Work item:
Please give back, word for word, each line from the start of the entries through the one in which "c v = None \<longrightarrow>" is found.

Exercise input:

lemma good_position_after_two_moves:
  assumes good: "good_position V E c"
    and moves: "x \<in> V" "c x = None" "y \<in> V" "(c(x := Some k)) y = None"
    and safe: "\<And>v. v \<in> V \<Longrightarrow> (c(x := Some k, y := Some j)) v = None \<Longrightarrow>
      safe E (c(x := Some k, y := Some j)) v"
  shows "good_position V E (c(x := Some k, y := Some j))"
proof -
  have "Suc (Suc (uncoloured V (c(x := Some k, y := Some j)))) = uncoloured V c"
    using moves uncoloured_fun_upd[of V x c k, OF finite_V]
      uncoloured_fun_upd[of V y "c(x := Some k)" j, OF finite_V] by simp
  then show ?thesis using good safe unfolding good_position_def by (metis even_Suc_Suc_iff)
qed

lemma safe_after_quiet_move:
  assumes safe: "\<forall>v\<in>V. c v = None \<longrightarrow> safe E c v" and x: "c x = None" "k < 2"
    and quiet: "\<And>u w. E x u \<Longrightarrow> c u = None \<Longrightarrow> E u w \<Longrightarrow> c w = None \<Longrightarrow> w = x"
  shows "\<forall>v\<in>V. (c(x := Some k)) v = None \<longrightarrow> safe E (c(x := Some k)) v"
proof (intro ballI impI)
  fix v assume v: "v \<in> V" "(c(x := Some k)) v = None"
  then have "c v = None" by (auto split: if_splits)
  then have "safe E c v" using safe v(1) by blast
  show "safe E (c(x := Some k)) v"
  proof (cases "E v x")
    case True
    have "z = x" if "E v z" for z
      using quiet[OF edge_sym[OF True] \<open>c v = None\<close> that]
        safe_neighbour_uncoloured[OF \<open>safe E c v\<close> True x(1) that] .
    then show ?thesis using x(2) by (intro safe_if_neighbours_coloured[where k = k]) auto
  next
    case False
    then show ?thesis using \<open>safe E c v\<close> by (simp add: safe_fun_upd_if_not_adjacent)
  qed
qed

Solution for this problem:
lemma good_position_after_two_moves:
  assumes good: "good_position V E c"
    and moves: "x \<in> V" "c x = None" "y \<in> V" "(c(x := Some k)) y = None"
    and safe: "\<And>v. v \<in> V \<Longrightarrow> (c(x := Some k, y := Some j)) v = None \<Longrightarrow>
      safe E (c(x := Some k, y := Some j)) v"
  shows "good_position V E (c(x := Some k, y := Some j))"
proof -
  have "Suc (Suc (uncoloured V (c(x := Some k, y := Some j)))) = uncoloured V c"
    using moves uncoloured_fun_upd[of V x c k, OF finite_V]
      uncoloured_fun_upd[of V y "c(x := Some k)" j, OF finite_V] by simp
  then show ?thesis using good safe unfolding good_position_def by (metis even_Suc_Suc_iff)
qed

lemma safe_after_quiet_move:
  assumes safe: "\<forall>v\<in>V. c v = None \<longrightarrow> safe E c v" and x: "c x = None" "k < 2"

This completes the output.